By Catholic News Service
DENVER (CNS) — The Little Sisters of the Poor and other religious entities are not substantially burdened by procedures set out by the federal government by which they can avoid a requirement to provide contraceptive coverage in health insurance, the 10th U.S. Circuit Court of Appeals ruled July 14.
In a lengthy opinion that considered arguments raised by the organizations under First Amendment religious rights protections and under the Religious Freedom Restoration Act, the court said the groups are not substantially burdened by filing out a form or notifying Health and Human Services via email or a letter that because of their religious-based objections to the mandated coverage, they will not provide it.
The ruling is the latest in a string of circuit court decisions finding that nonprofit religious institutions may not be protected from the procedures set out by HHS from complying with what is known as a mandate to provide coverage for a variety of types of contraceptives in employee health insurance.
"The departments have made opting out of the mandate at least as easy as obtaining a parade permit, filing a simple tax form, or registering to vote — in other words, a routine, brief administrative task," wrote Judge Scott M. Matheson Jr.
Under the Affordable Care Act, all health insurance plans are required to provide contraceptive coverage.

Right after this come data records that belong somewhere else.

lemma poly_op_in_A: "t \<in> A \<Longrightarrow> kpoly P \<Longrightarrow> poly_op t P \<in> A"
proof (induction P)
  case 0
  show ?case using A_zero by simp
next
  case (pCons a P)
  have "(\<lambda>x. sm a x + t (poly_op t P x)) \<in> A"
    using pCons by (auto simp: kpoly_pCons_iff intro!: A_add A_comp[of t] A_sm[of a "\<lambda>x. x", OF _ A_id])
  moreover have "poly_op t (pCons a P) = (\<lambda>x. sm a x + t (poly_op t P x))"
    using poly_op_pCons[OF pCons.prems(1)] by auto
  ultimately show ?case by simp
qed

lemma poly_op_add:
  "t \<in> A \<Longrightarrow> kpoly P \<Longrightarrow> kpoly Q \<Longrightarrow> poly_op t (P + Q) x = poly_op t P x + poly_op t Q x"
proof (induction P Q arbitrary: x rule: poly_induct2)
  case (pCons a P b Q)
  thus ?case
    by (simp add: poly_op_pCons kpoly_pCons_iff sm_add_left A_add_hom algebra_simps)
qed simp

lemma poly_op_smult:
  "t \<in> A \<Longrightarrow> a \<in> k \<Longrightarrow> kpoly Q \<Longrightarrow> poly_op t (smult a Q) x = sm a (poly_op t Q x)"
  by (induction Q arbitrary: x)
    (simp_all add: sm_zero_right poly_op_pCons kpoly_pCons_iff sm_mult sm_add_right A_sm_hom)

lemma poly_op_mult:
  "t \<in> A \<Longrightarrow> kpoly P \<Longrightarrow> kpoly Q \<Longrightarrow> poly_op t (P * Q) x = poly_op t P (poly_op t Q x)"
proof (induction P arbitrary: x)
  case (pCons a P)
  have "poly_op t (pCons a P * Q) x = poly_op t (smult a Q + pCons 0 (P * Q)) x" by simp
  also have "\<dots> = sm a (poly_op t Q x) + t (poly_op t P (poly_op t Q x))"
    using pCons by (simp add: poly_op_add poly_op_smult poly_op_pCons kpoly_smult kpoly_pCons_iff
        kpoly_mult k_zero)
  finally show ?case by (simp add: poly_op_pCons pCons.prems(1))
qed simp

lemma poly_op_diff:
  assumes "t \<in> A" "kpoly P" "kpoly Q"
  shows "poly_op t (P - Q) x = poly_op t P x - poly_op t Q x"
  using poly_op_add[OF assms(1) kpoly_diff[OF assms(2,3)] assms(3)] by (simp add: eq_diff_eq)

lemma poly_op_power:
  assumes "t \<in> A" "kpoly P"
  shows "poly_op t (P ^ n) = poly_op t P ^^ n"
proof (induction n)
  case 0
  show ?case using poly_op_1[OF assms(1)] by (simp add: fun_eq_iff)
next
  case (Suc n)
  show ?case
  proof
    fix x
    have "poly_op t (P * P ^ n) x = poly_op t P (poly_op t (P ^ n) x)"
      by (rule poly_op_mult[OF assms kpoly_power[OF assms(2)]])
    thus "poly_op t (P ^ Suc n) x = (poly_op t P ^^ Suc n) x" by (simp only: power_Suc Suc.IH funpow.simps(2) comp_apply)
  qed
qed

lemma poly_op_const_mult:
  "t \<in> A \<Longrightarrow> a \<in> k \<Longrightarrow> kpoly Q \<Longrightarrow> poly_op t ([:a:] * Q) x = sm a (poly_op t Q x)"
  by (simp add: poly_op_smult)

subsection \<open>Roots of unity and goodness\<close>

lemma one_minus_root_power_prime:
  assumes "prime p" "z ^ p = 1" "z \<in> k"
  obtains e where "e \<in> k" "(1 - z) ^ p = of_nat p * e"
proof -
  define \<sigma> where "\<sigma> = (\<Sum>i<p - 1. of_nat ((p choose Suc i) div p) * (- z) ^ i)"
  define \<epsilon> :: complex where "\<epsilon> = (if p = 2 then 1 else 0)"
  have "1 + (- z) ^ p = of_nat p * \<epsilon>"
  proof (cases "p = 2")
    case False
    hence "odd p" using assms(1) prime_ge_2_nat[OF assms(1)] by (intro prime_odd_nat) auto
    thus ?thesis using False assms(2) by (simp add: \<epsilon>_def)
  qed (use assms(2) in \<open>simp add: \<epsilon>_def\<close>)
  moreover have "(1 - z) ^ p = 1 + (- z) ^ p + of_nat p * (- z) * \<sigma>"
    unfolding \<sigma>_def using binomial_prime_expansion[OF assms(1), of "- z"]
    by (simp only: diff_conv_add_uminus)
  ultimately have "(1 - z) ^ p = of_nat p * (\<epsilon> - z * \<sigma>)"
    by (simp add: algebra_simps)
  moreover have "\<epsilon> - z * \<sigma> \<in> k"
    unfolding \<sigma>_def \<epsilon>_def
    by (intro k_diff k_mult k_sum k_power k_uminus assms(3) k_of_nat) (simp_all add: k_one k_zero)
  ultimately show thesis using that by blast
qed

lemma prim_root_prime_factor:
  assumes "prime p" "prim_root p z" "z \<in> k"
  obtains \<gamma> where "\<gamma> \<in> k" "of_nat p = (1 - z) * \<gamma>"
proof
  show "(\<Sum>i<p. \<Sum>j<i. z ^ j) \<in> k" by (intro k_sum k_power assms(3))
  show "of_nat p = (1 - z) * (\<Sum>i<p. \<Sum>j<i. z ^ j)"
    using one_minus_mult_nested_sum[of z p] prim_root_sum_powers[OF prime_gt_1_nat[OF assms(1)] assms(2)] by simp
qed

lemma one_minus_roots_power_divisible:
  assumes "prime p" "prim_root p z" "w ^ p = 1" "z \<in> k"
  obtains f where "f \<in> k" "((1 - z) * (1 - w)) ^ (p - 1) = of_nat p * (1 - z) * f"
proof -
  define \<pi> where "\<pi> = 1 - z"
  obtain j where "w = z ^ j"
    using prim_root_powers_exhaust[OF prime_gt_0_nat[OF assms(1)] assms(2,3)] by blast
  define d where "d = (\<Sum>i<j. z ^ i)"
  have d: "1 - w = \<pi> * d" unfolding \<open>w = z ^ j\<close> \<pi>_def d_def by (rule one_diff_power_eq)
  obtain e where e: "e \<in> k" "\<pi> ^ p = of_nat p * e"
    using one_minus_root_power_prime[OF assms(1) _ assms(4)] assms(2) by (auto simp: prim_root_def \<pi>_def)
  define g where "g = (if p = 2 then 1 else e * \<pi> ^ (p - 3))"
  have "\<pi> ^ (p - 1) * \<pi> ^ (p - 1) = of_nat p * \<pi> * g"
  proof (cases "p = 2")
    case True
    hence "1 + z = 0" using prim_root_sum_powers[OF prime_gt_1_nat[OF assms(1)] assms(2)] by (simp add: numeral_2_eq_2)
    hence "\<pi> = 2" by (simp add: \<pi>_def add_eq_0_iff)
    thus ?thesis using True by (simp add: g_def)
  next
    case False
    hence "(p - 1) + (p - 1) = p + Suc (p - 3)" using prime_ge_2_nat[OF assms(1)] by simp
    hence "\<pi> ^ (p - 1) * \<pi> ^ (p - 1) = \<pi> ^ p * (\<pi> * \<pi> ^ (p - 3))"
      by (metis power_add power_Suc)
    thus ?thesis using False e(2) by (simp add: g_def mult_ac)
  qed
  hence "((1 - z) * (1 - w)) ^ (p - 1) = of_nat p * (1 - z) * (g * d ^ (p - 1))"
    unfolding d \<pi>_def[symmetric] by (simp add: power_mult_distrib mult_ac)
  moreover have "g * d ^ (p - 1) \<in> k"
    unfolding g_def d_def \<pi>_def using e(1) assms(4) by (auto intro!: k_mult k_power k_sum k_diff k_one)
  ultimately show thesis using that by blast
qed

definition one_minus_injective :: "complex \<Rightarrow> bool" where
  "one_minus_injective \<rho> \<longleftrightarrow> (\<forall>f\<in>A. \<forall>x. x = sm \<rho> (f x) \<longrightarrow> x = 0)"

lemma good_scalar_injective:
  assumes "good sm c A" "c \<in> k" "sm c x = 0"
  shows "x = 0"
proof -
  have "inj (\<lambda>x. sm c (x - sm c ((\<lambda>x. 0) x)))"
    using assms(1) A_zero unfolding good_def by (rule bspec)
  hence "inj (sm c)" by (simp add: sm_zero_right assms(2))
  thus ?thesis using assms(3) sm_zero_right[OF assms(2)] by (metis injD)
qed
lemma color_monom_cong:
  "(\<And>l. l \<in> K \<Longrightarrow> color_class W h l = color_class W g l) \<Longrightarrow> color_monom W K h = color_monom W K g"
  unfolding color_monom_def by simp

lemma color_monom_swap_on_bicolored:
  "i \<in> K \<Longrightarrow> j \<in> K \<Longrightarrow> color_monom W K (swap_on (bicolored W h i j) i j h) = color_monom W K h"
  unfolding color_monom_def color_class_swap_on_bicolored
  by (rule sum.reindex_bij_betw[OF bij_betw_swap_colors])

lemma color_monom_split_pair:
  assumes "finite K" "i \<in> K" "j \<in> K" "i \<noteq> j"
  shows "color_monom W K h = Poly_Mapping.single (color_class W h i) 1 +
    Poly_Mapping.single (color_class W h j) 1 + color_monom W (K - {i} - {j}) h"
  using color_monom_remove[of K i W h] color_monom_remove[of "K - {i}" j W h] assms
  by (simp add: add.assoc)

lemma color_class_of_vertex_eq:
  assumes "finite K" "color_monom W K h = color_monom W K g" "v \<in> W" "g v \<in> K"
  shows "color_class W h (h v) = color_class W g (g v)"
proof -
  have "color_class W g (g v) \<in> color_class W h ` K"
    using assms by (metis imageI keys_color_monom)
  then obtain l where "color_class W h l = color_class W g (g v)"
    by blast
  moreover have "h v = l"
    using calculation assms(3) by (auto simp: color_class_def)
  ultimately show ?thesis
    by simp
qed

lemma kempe_reach_if_color_monom_eq:
  assumes "symp adj" "finite W" "is_coloring adj W k g"
    and "is_coloring adj W k h" "color_monom W {1..k} h = color_monom W {1..k} g"
  shows "\<exists>h'. (kempe_step adj W k)\<^sup>*\<^sup>* h h' \<and> (\<forall>v\<in>W. h' v = g v)"
  using assms(4,5)
proof (induction "card {l\<in>{1..k}. color_class W h l \<noteq> color_class W g l}" arbitrary: h rule: less_induct)
  case less
  let ?wrong = "\<lambda>h. {l\<in>{1..k}. color_class W h l \<noteq> color_class W g l}"
  show ?case
  proof (cases "\<forall>v\<in>W. h v = g v")
    case True
    then show ?thesis by blast
  next
    case False
    then obtain v where v: "v \<in> W" "h v \<noteq> g v" by blast
    define i j where "i = h v" and "j = g v"
    have ij: "i \<in> {1..k}" "j \<in> {1..k}" "i \<noteq> j"
      using less.prems(1) assms(3) v by (auto simp: is_coloring_def i_def j_def)
    have class_i: "color_class W h i = color_class W g j"
      using color_class_of_vertex_eq[of "{1..k}" W h g v] less.prems(2) v(1) ij(2)
      by (simp add: i_def j_def)
    define h2 where "h2 = swap_on (bicolored W h i j) i j h"
    have reach: "(kempe_step adj W k)\<^sup>*\<^sup>* h h2"
      unfolding h2_def
      using assms(1,2) ij less.prems(1) by (rule kempe_reach_swap_on) (simp add: adj_closed_def)
    have "color_class W g i \<noteq> color_class W g j"
      using v by (auto simp: color_class_def i_def j_def)
    then have "?wrong h2 \<subseteq> ?wrong h - {j}"
      using class_i ij by (auto simp: h2_def color_class_swap_on_bicolored swap_colors_def)
    moreover have "j \<in> ?wrong h"
      using ij v by (auto simp: color_class_def i_def j_def)
    ultimately have "?wrong h2 \<subset> ?wrong h"
      by blast
    then have "card (?wrong h2) < card (?wrong h)"
      by (rule psubset_card_mono[rotated]) simp
    moreover have "is_coloring adj W k h2"
      using reach less.prems(1) by (rule kempe_reach_is_coloring)
    moreover have "color_monom W {1..k} h2 = color_monom W {1..k} g"
      using ij less.prems(2) by (simp add: h2_def color_monom_swap_on_bicolored)
    ultimately obtain h' where "(kempe_step adj W k)\<^sup>*\<^sup>* h2 h'" "\<forall>v\<in>W. h' v = g v"
      using less.hyps by blast
    then show ?thesis
      using reach by (meson rtranclp_trans)
  qed
qed
lemma Max_over_subgraphs_eq_if_strict:
  assumes "is_graph V E"
    and strict: "\<And>V' E'. subgraph V' E' V E \<Longrightarrow> (V', E') \<noteq> (V, E)
                   \<Longrightarrow> f V' E' < Max {f V' E' | V' E'. subgraph V' E' V E}"
  shows "Max {f V' E' | V' E'. subgraph V' E' V E} = f V E"
proof -
  obtain V' E' where sub: "subgraph V' E' V E"
    and max: "Max {f V' E' | V' E'. subgraph V' E' V E} = f V' E'"
    by (rule Max_over_subgraphs_attained[OF assms(1)])
  have "(V', E') = (V, E)"
  proof (rule ccontr)
    assume "(V', E') \<noteq> (V, E)"
    from strict[OF sub this] max show False by simp
  qed
  with max show ?thesis by simp
qed

lemma strictly_2_balanced_m2_eq_d2:
  assumes "is_graph V E" "strictly_2_balanced V E"
  shows "m2 V E = d2 V E"
  using Max_over_subgraphs_eq_if_strict[OF assms(1), of d2] assms(2)
  unfolding strictly_2_balanced_def m2_def by blast

lemma strictly_balanced_wrt_d2_m2_pair_eq_d2_pair:
  assumes "is_graph V1 E1" "strictly_balanced_wrt_d2 V1 E1 V2 E2"
  shows "m2_pair V1 E1 V2 E2 = d2_pair V1 E1 V2 E2"
  using Max_over_subgraphs_eq_if_strict[OF assms(1), of "\<lambda>V' E'. d2_pair V' E' V2 E2"] assms(2)
  unfolding strictly_balanced_wrt_d2_def m2_pair_def by blast

lemma m2_gt_oneD:
  assumes "is_graph V E" "m2 V E > 1"
  shows "E \<noteq> {}" "card V \<ge> 3"
proof -
  obtain V' E' where sub: "subgraph V' E' V E" and "m2 V E = d2 V' E'"
    by (rule Max_over_subgraphs_attained[OF assms(1), of d2, folded m2_def])
  then have "E' \<noteq> {}" "card V' \<ge> 3"
    using assms(2) unfolding d2_def by (auto split: if_splits)
  moreover have "E' \<subseteq> E" "card V' \<le> card V"
    using sub assms(1) card_mono unfolding subgraph_def is_graph_def by auto
  ultimately show "E \<noteq> {}" "card V \<ge> 3" by auto
qed

lemma card_edges_le_1_if_card_2:
  assumes "is_graph V E" "card V = 2"
  shows "card E \<le> 1"
proof -
  have "E \<subseteq> {V}"
    using assms card_subset_eq unfolding is_graph_def by (metis singleton_iff subsetI)
  then show ?thesis using card_mono[of "{V}" E] by simp
qed

lemma card_edges_le_if_d2_less:
  assumes g: "is_graph V E" and "card V \<ge> 2" and "d2 V E < D" and "D > 0"
  shows "real (card E) - 1 \<le> D * (real (card V) - 2)"
proof (cases "E \<noteq> {} \<and> card V \<ge> 3")
  case True
  then have "(real (card E) - 1) / (real (card V) - 2) < D"
    using \<open>d2 V E < D\<close> unfolding d2_def by simp
  moreover have "real (card V) - 2 > 0" using True by simp
  ultimately show ?thesis by (simp add: pos_divide_less_eq)
next
  case False
  then consider "E = {}" | "card V = 2" using \<open>card V \<ge> 2\<close> by linarith
  then show ?thesis
  proof cases
    case 1
    have "D * (real (card V) - 2) \<ge> 0" using \<open>card V \<ge> 2\<close> \<open>D > 0\<close> by simp
    then show ?thesis using 1 by simp
  next
    case 2
    then show ?thesis using card_edges_le_1_if_card_2[OF g] by simp
  qed
qed

lemma two_connected_if_strictly_2_balanced:
  assumes g: "is_graph V E" and bal: "strictly_2_balanced V E" and m2: "m2 V E > 1"
  shows "two_connected V E"
proof (rule two_connected_if_density_extremal[where a = 1 and b = 2 and D = "m2 V E"])
  have "E \<noteq> {}" "card V \<ge> 3" using m2_gt_oneD[OF g m2] by auto
  then show "real (card E) - 1 = m2 V E * (real (card V) - 2)"
    using strictly_2_balanced_m2_eq_d2[OF g bal] unfolding d2_def by simp
  show "real (card E') - 1 \<le> m2 V E * (real (card V') - 2)"
    if "subgraph V' E' V E" "(V', E') \<noteq> (V, E)" "card V' \<ge> 2" for V' E'
    using that bal m2 card_edges_le_if_d2_less[of V' E' "m2 V E"]
    unfolding strictly_2_balanced_def subgraph_def by simp
qed (use g m2 m2_gt_oneD in auto)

Churches themselves with a moral objection to contraceptives and other institutions that primarily employ and serve members of the churches are exempt. Nonprofit entities such as church-run colleges and social service agencies are not, but HHS created what is known as an "accommodation" under which such organizations may file a particular form or notify HHS that they will not participate for religious reasons. The contraceptive coverage is then provided to those organizations’ employees, but through third parties, and with no cost or further involvement to the employer. Entities that refuse to comply with the mandate are subject to significant fines.
The organizations that sued say that the acts of filling out the form or notifying HHS are a substantial burden on their religious rights because the steps implicate them in the ultimate provision of contraceptives. The court disagreed.